In [8]:
import pandas as pd
from sklearn.model_selection import train_test_split
from sklearn.ensemble import RandomForestRegressor
from sklearn.metrics import mean_squared_error
from sklearn.preprocessing import LabelEncoder

# Load the dataset
df = pd.read_csv('../data/github_final.csv')

# Preprocessing
# For simplicity, let's exclude text-based features and focus on numeric ones and 'license' as a categorical feature
df['license'] = LabelEncoder().fit_transform(df['license'])  # Convert 'license' to numeric
features = ['license', 'days_since_created', 'forks_day', 'stars_day']
X = df[features]
y = df['stargazers_count']

# Split the dataset into training and testing sets
X_train, X_test, y_train, y_test = train_test_split(X, y, test_size=0.2, random_state=42)

# Initialize and train the Random Forest Regressor
rf_regressor = RandomForestRegressor(n_estimators=100, random_state=42)
rf_regressor.fit(X_train, y_train)

# Predict on the testing set
y_pred = rf_regressor.predict(X_test)

# Evaluate the model
mse = mean_squared_error(y_test, y_pred)
rmse = mse ** 0.5

print(f"Mean Squared Error: {mse}")
print(f"Root Mean Squared Error: {rmse}")


Mean Squared Error: 17481221.651532706
Root Mean Squared Error: 4181.055088315951


## Linear Regression

In [15]:
from sklearn.linear_model import LinearRegression
from sklearn.metrics import mean_squared_error
from sklearn.model_selection import train_test_split

# Load the dataset
df = pd.read_csv('../data/github_final.csv')

# Preprocessing
# For simplicity, let's exclude text-based features and focus on numeric ones and 'license' as a categorical feature
features = ['forks_count', 'days_since_created']
X = df[features]
y = df['stargazers_count']

# Split the dataset into training and testing sets
X_train, X_test, y_train, y_test = train_test_split(X, y, test_size=0.2, random_state=42)

# Initialize and train the Linear Regression model
linear_regressor = LinearRegression()
linear_regressor.fit(X_train, y_train)

# Predict on the testing set
y_pred = linear_regressor.predict(X_test)

# Evaluate the model
mse = mean_squared_error(y_test, y_pred)
rmse = mse ** 0.5

print(f"Mean Squared Error: {mse}")
print(f"Root Mean Squared Error: {rmse}")

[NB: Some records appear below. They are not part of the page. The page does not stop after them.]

lemma I_grassmannian_Iinv_pullback:
  assumes "I_grassmannian (Iinv z)"
  shows "I_grassmannian (Iinv y)"
proof (rule I_grassmannianI)
  note descent = Iinv_descent_pullback and ascent = Iinv_ascent_pullback
  note less_iff = strict_mono_on_less[OF mono]
  show "Iinv y (Iinv y i) = i" for i by (rule Iinv_involution[OF y_inv])
  have "{q. Iinv y q < q} \<subseteq> {lo..hi}" using descent(1) by blast
  then show "finite {q. Iinv y q < q}" by (rule finite_subset) simp
  show "Iinv y x < x" if q: "Iinv y q < q" and q': "Iinv y q' < q'" and "q < x" "x < q'" for q q' x
  proof -
    have x: "x \<in> {lo..hi}" using descent(1)[OF q] descent(1)[OF q'] that by auto
    have "\<phi> q < \<phi> x" "\<phi> x < \<phi> q'"
      using less_iff descent(1)[OF q] descent(1)[OF q'] x that by simp_all
    then have "Iinv z (\<phi> x) < \<phi> x"
      using I_grassmannian_descents_convex[OF assms descent(5)[OF q] descent(5)[OF q']] by blast
    moreover have Zx: "Iinv z (\<phi> x) = \<phi> (y x)"
      using calculation Iinv_eq_if_moved commute[OF x] by force
    ultimately have "\<phi> (y x) < \<phi> x" by simp
    then have "y x < x" using less_iff maps[OF x] x by blast
    have "Iinv z (\<phi> x) < \<phi> q"
      using I_grassmannian_ascent_less_descent[OF assms _ descent(5)[OF q]]
        I_grassmannian_involution[OF assms] \<open>Iinv z (\<phi> x) < \<phi> x\<close> by metis
    then have "\<phi> (y x) < \<phi> q" using Zx by simp
    then have "y x < q" using less_iff maps[OF x] descent(1)[OF q] by blast
    have "Icyc y (y x) x"
      unfolding Icyc_def using y_inv q descent(3)[OF q] \<open>y x < x\<close> \<open>y x < q\<close> \<open>q < x\<close>
      by (intro conjI exI[of _ "y q"] exI[of _ q]) auto
    then show ?thesis using Iinv_less_iff y_inv by blast
  qed
  show "p < q" if p: "p < Iinv y p" and q: "Iinv y q < q" for p q
  proof -
    have "\<phi> p < \<phi> q"
      using I_grassmannian_ascent_less_descent[OF assms ascent(2)[OF p] descent(5)[OF q]] .
    then show ?thesis using less_iff ascent(1)[OF p] descent(1)[OF q] by simp
  qed
  show "Iinv y q < Iinv y q'" if q: "Iinv y q < q" and q': "Iinv y q' < q'" and "q < q'" for q q'
  proof -
    have "\<phi> q < \<phi> q'" using less_iff descent(1)[OF q] descent(1)[OF q'] \<open>q < q'\<close> by simp
    then have "\<phi> (y q) < \<phi> (y q')"
      using I_grassmannian_descents_mono[OF assms descent(5)[OF q] descent(5)[OF q']]
        descent(4)[OF q] descent(4)[OF q'] by simp
    then show ?thesis using less_iff descent(2,3)[OF q] descent(2,3)[OF q'] by simp
  qed
qed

Mean Squared Error: 66075592.73115545
Root Mean Squared Error: 8128.689484237631


In [16]:
# Assuming the Linear Regression model is already trained (linear_regressor)

# Get the coefficients and the intercept
coefficients = linear_regressor.coef_
intercept = linear_regressor.intercept_

# Display the coefficients
print("Coefficients:")
for feature, coef in zip(features, coefficients):
    print(f"{feature}: {coef}")

# Display the intercept
print(f"\nIntercept: {intercept}")


Coefficients:
forks_count: 1.9459109661372487
days_since_created: 1.0631651295619904

Intercept: 3512.4868207386025


### Interpretation:
**Coefficients:** Each coefficient tells you the expected change in the stargazers_count (popularity) for a one-unit increase in the respective feature, assuming all other features remain constant. For instance, if the coefficient for forks_day is 200, it means that for each additional fork per day, the model predicts an increase of 200 in the stargazers_count, all else being equal.

Intercept: The intercept represents the model's prediction for the target variable when all the features are zero. In many contexts, the intercept might not have a practical interpretation (e.g., it's unlikely all features would be zero), but it's a necessary part of the model to align the regression line with the data.

Understanding these coefficients and the intercept helps in deciphering how each feature influences the prediction, providing a clearer picture of the data's underlying patterns. This interpretability is one of the main advantages of Linear Regression, allowing stakeholders to make informed decisions based on the model's insights.